C. Stephanidis (Ed.): Posters, Part I, HCII 2013, CCIS 373, pp. 337–341, 2013.
© Springer-Verlag Berlin Heidelberg 2013
Emotional Speech Conversion Using Pitch-Synchronous
Harmonic and Non-harmonic Modeling of Speech
Kwang Myung Jeon and Nam In Park
School of Information and Communications
Gwangju Institute of Science and Technology (GIST)
1 Oryong-dong, Buk-gu, Gwangju 500-712, Korea
{kmjeon,naminpark}@gist.ac.kr
Abstract. In this paper, an emotional speech conversion method using pitch-
synchronous harmonic and non-harmonic (PS-HNH) modeling of speech is
proposed. The proposed method converts neutral speeches into expressive ones
by controlling emotional parameters for each syllable of the neutral speech. To
this end, the proposed method first carries out syllable labeling by Viterbi
decoding using acoustic hidden Markov models of the neutral corpus. Next, the
PS-HNH analysis is performed on the neutral speech to modify the emotional
parameters by the linear modification model of target emotion in a syllable-wise
manner. Finally, the modified parameters are synthesized back into the
emotional speech by the PS-HNH synthesis. The performance of the proposed
method is evaluated by a subjective AB preference test for four types of target
emotions (fear, sadness, anger, and happiness). It is shown from the preference
test that the proposed method give better speech quality than the conventional
method that is based on speech transformation and representation using
adaptive interpolation of weighted spectrum (STRAIGHT).

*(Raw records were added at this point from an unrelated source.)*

lemma finite_Mgens: "finite (Mgens A T \<beta>)"
proof -
  let ?gen = "\<lambda>(v, xs). fmul (fan T) (mono v) (lprod (fan T) (map mono xs))"
  have "Mgens A T \<beta> \<subseteq> ?gen ` (Box T \<times> {xs. set xs \<subseteq> A \<and> length xs \<le> card A})"
  proof
    fix m assume "m \<in> Mgens A T \<beta>"
    then obtain v xs where m: "m = ?gen (v, xs)" "v \<in> Box T" "distinct xs" "set xs \<subseteq> A"
      unfolding Mgens_def by auto
    then have "length xs \<le> card A"
      using distinct_card card_mono[OF finite_A] by metis
    then show "m \<in> ?gen ` (Box T \<times> {xs. set xs \<subseteq> A \<and> length xs \<le> card A})"
      using m by blast
  qed
  moreover have "finite (Box T \<times> {xs. set xs \<subseteq> A \<and> length xs \<le> card A})"
    using finite_Box finite_lists_length_le[OF finite_A] by simp
  ultimately show ?thesis
    using finite_subset by blast
qed

text \<open>The bound \<open>Suc (card A)\<close> leaves enough copies of \<open>a\<close> for the \<open>card A\<close> steps of
  \<open>mono_in_ZM_descent\<close>.\<close>

definition small_exponents :: "real^'d \<Rightarrow> (real^'d) set" where
  "small_exponents \<beta> = (\<lambda>(g, \<nu>). g + nat_comb \<nu>) ` ({g. mono g \<in> Mgens A T \<beta>} \<times> (A \<rightarrow>\<^sub>E {..Suc (card A)}))"

lemma finite_small_exponents: "finite (small_exponents \<beta>)"
proof -
  have "finite {g. mono g \<in> Mgens A T \<beta>}"
    using finite_vimageI[OF finite_Mgens inj_mono] by (simp add: vimage_def)
  then show ?thesis
    unfolding small_exponents_def using finite_A by (simp add: finite_PiE)
qed

lemma positive_representation:
  assumes "S \<in> T" "g \<in> conic S" "{b. \<nu> b \<noteq> 0} \<subseteq> S"
  obtains c where "\<forall>s\<in>S. real (\<nu> s) \<le> c s"
    and "g + nat_comb \<nu> = (\<Sum>s\<in>{s \<in> S. 0 < c s}. c s *\<^sub>R s)"
proof -
  obtain \<gamma> where \<gamma>: "\<forall>s\<in>S. 0 \<le> \<gamma> s" "g = (\<Sum>s\<in>S. \<gamma> s *\<^sub>R s)"
    using assms(2) by (rule conicE)
  define c where "c s = \<gamma> s + real (\<nu> s)" for s
  have "g + nat_comb \<nu> = (\<Sum>s\<in>S. c s *\<^sub>R s)"
    unfolding c_def \<gamma>(2) nat_comb_subset_sum[OF assms(3) simplex_subset[OF assms(1)]]
    by (simp add: scaleR_add_left sum.distrib)
  also have "\<dots> = (\<Sum>s\<in>{s \<in> S. 0 < c s}. c s *\<^sub>R s)"
    using \<gamma>(1) finite_simplex[OF assms(1)] unfolding c_def
    by (intro sum.mono_neutral_right) (auto simp: not_less)
  finally show ?thesis
    using \<gamma>(1) that[of c] unfolding c_def by simp
qed

lemma not_small_exponentE:
  assumes "M_exponent \<beta> w" "w \<notin> small_exponents \<beta>"
  obtains g \<nu> S a where "S \<in> T" "mono g \<in> Mgens A T \<beta>" "g \<in> conic S" "{b. \<nu> b \<noteq> 0} \<subseteq> S"
    and "w = g + nat_comb \<nu>" "a \<in> A" "Suc (card A) < \<nu> a"
proof -
  obtain g \<nu> S where w: "S \<in> T" "mono g \<in> Mgens A T \<beta>" "g \<in> conic S" "{b. \<nu> b \<noteq> 0} \<subseteq> S"
    "w = g + nat_comb \<nu>"
    using assms(1) unfolding M_exponent_def by blast
  have "\<exists>a\<in>A. Suc (card A) < \<nu> a"
  proof (rule ccontr)
    assume "\<not> (\<exists>a\<in>A. Suc (card A) < \<nu> a)"
    then have "restrict \<nu> A \<in> A \<rightarrow>\<^sub>E {..Suc (card A)}"
      by (auto simp: not_less)
    moreover have "nat_comb (restrict \<nu> A) = nat_comb \<nu>"
      unfolding nat_comb_def by (rule sum.cong) simp_all
    ultimately have "w \<in> small_exponents \<beta>"
      unfolding small_exponents_def w(5) using w(2)
      by (intro image_eqI[of _ _ "(g, restrict \<nu> A)"]) simp_all
    then show False
      using assms(2) by blast
  qed
  then show ?thesis
    using that w by blast
qed

lemma mono_in_ZM_if_not_small:
  assumes "M_exponent \<beta> w" "w \<notin> small_exponents \<beta>"
  shows "mono w \<in> ZM A T \<beta>"
proof -
  obtain g \<nu> S a where w: "S \<in> T" "mono g \<in> Mgens A T \<beta>" "g \<in> conic S" "{b. \<nu> b \<noteq> 0} \<subseteq> S"
    "w = g + nat_comb \<nu>" "a \<in> A" "Suc (card A) < \<nu> a"
    using assms by (rule not_small_exponentE)
  have aS: "a \<in> S"
    using w(4,7) by auto
  define \<nu>' where "\<nu>' = \<nu>(a := \<nu> a - 1)"
  have "{b. \<nu>' b \<noteq> 0} \<subseteq> S"
    using w(4) aS unfolding \<nu>'_def by auto
  then obtain c where c: "\<forall>s\<in>S. real (\<nu>' s) \<le> c s"
    and c_sum: "g + nat_comb \<nu>' = (\<Sum>s\<in>{s \<in> S. 0 < c s}. c s *\<^sub>R s)"
    using positive_representation[OF w(1,3)] by blast
  define F where "F = {s \<in> S. 0 < c s}"
  define u where "u = g + nat_comb (\<nu>(a := 0))"
  have c_a: "real (card A) + 1 \<le> c a"
    using c aS w(7) unfolding \<nu>'_def by force
  have u_sum: "u + real (\<nu> a - 1) *\<^sub>R a = (\<Sum>s\<in>F. c s *\<^sub>R s)"
    using nat_comb_remove[OF w(6), of \<nu>'] c_sum unfolding u_def \<nu>'_def F_def by (simp add: ac_simps)
  have supp_u: "{b. (\<nu>(a := 0)) b \<noteq> 0} \<subseteq> S"
    using w(4) by auto
  then have "M_exponent \<beta> u"
    unfolding M_exponent_def u_def using w(1-3)
    by (intro exI[of _ g] exI[of _ "\<nu>(a := 0)"] bexI[of _ S] conjI) simp_all
  then have "mono u \<in> Mbeta A T \<beta>"
    by (rule mono_M_exponent_in_Mbeta)
  moreover have "u \<in> conic S"
    unfolding u_def using conic_add[OF w(3) nat_comb_in_conic[OF w(1) supp_u]] .
  moreover have "a \<in> F" "F \<subseteq> S" "\<forall>s\<in>F. 0 < c s"
    using c_a aS unfolding F_def by auto
  ultimately have "mono (u + real (Suc (\<nu> a - 1)) *\<^sub>R a) \<in> ZM A T \<beta>"
    using mono_in_ZM_descent[OF w(1) _ _ _ u_sum, where k = "card A"] w(7) c_a by simp
  moreover have "u + real (Suc (\<nu> a - 1)) *\<^sub>R a = w"
    using w(7) nat_comb_remove[OF w(6), of \<nu>] unfolding u_def w(5) by (simp add: algebra_simps)
  ultimately show ?thesis
    by simp
qed

theorem fin_dim_quotient_Mbeta: "fin_dim_quotient (Mbeta A T \<beta>) (ZM A T \<beta>)"
proof -
  define B where "B = mono ` (small_exponents \<beta> \<inter> Collect (M_exponent \<beta>))"
  have "finite B"
    unfolding B_def using finite_small_exponents by simp
  moreover have "B \<subseteq> Mbeta A T \<beta>"
    unfolding B_def using mono_M_exponent_in_Mbeta by blast
  moreover have "\<exists>b\<in>cspan B. (\<lambda>u. m u - b u) \<in> ZM A T \<beta>" if m: "m \<in> Mbeta A T \<beta>" for m
  proof -
    have fin: "finite (supp m)" and exps: "supp m \<subseteq> Collect (M_exponent \<beta>)"
      using supp_Mbeta[OF m] by blast+
    define b where "b = (\<lambda>u. \<Sum>w\<in>supp m \<inter> small_exponents \<beta>. m w * mono w u)"
    have "b \<in> cspan B"
      unfolding b_def B_def using fin exps by (intro cspan_sum cspan_base) auto
    moreover have "(\<lambda>u. m u - b u) = (\<lambda>u. \<Sum>w\<in>supp m - small_exponents \<beta>. m w * mono w u)"
      by (subst finite_supp_expansion[OF fin]) (simp add: b_def sum.Int_Diff[OF fin, of _ "small_exponents \<beta>"])
    moreover have "\<dots> \<in> ZM A T \<beta>"
      using fin exps mono_in_ZM_if_not_small unfolding ZM_def by (intro cspan_sum) auto
    ultimately show ?thesis
      by (intro bexI[of _ b]) simp_all
  qed
  ultimately show ?thesis
    unfolding fin_dim_quotient_def by blast
qed

end

theorem proposition2p16:
  fixes A :: "(real^'d) set" and T :: "(real^'d) set set"
    and h :: "real^'d" and \<beta> :: "real^'d"
  assumes "finite A" and "A \<subseteq> latN" and "generates_lattice A"
    and "h \<in> latN" and "\<forall>a\<in>A. h \<bullet> a = 1"
    and "is_regular_triangulation A T"
    and "\<beta> \<in> latN"
  shows "fin_dim_quotient (Mbeta A T \<beta>) (ZM A T \<beta>)"
proof -
  have triangulation: "is_triangulation A T"
    using assms(6) unfolding is_regular_triangulation_def by blast
  have "convex hull A \<noteq> {}"
    using generates_lattice_nonempty[OF assms(3)] by simp
  then have "T \<noteq> {}"
    using triangulation unfolding is_triangulation_def by (metis SUP_empty)
  then interpret graded_triangulation A T h
    using assms(1,5) triangulation by unfold_locales auto
  show ?thesis
    by (rule fin_dim_quotient_Mbeta)
qed

end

Keywords: Emotional speech, speech conversion, pitch-synchronous, harmonic
and non-harmonic modeling.
1 Introduction
Speech and audio processing are the major tasks to improve sound user interface
(SUI)-based human computer interaction (HCI) applications [1]. Various studies have
been performed to improve the SUI experience by expressing emotional speech
[2][3], reducing unwanted signals [4][5], providing sound-based emotional interaction
functionality [6][7], and improving the robustness of speech transmission [8][9].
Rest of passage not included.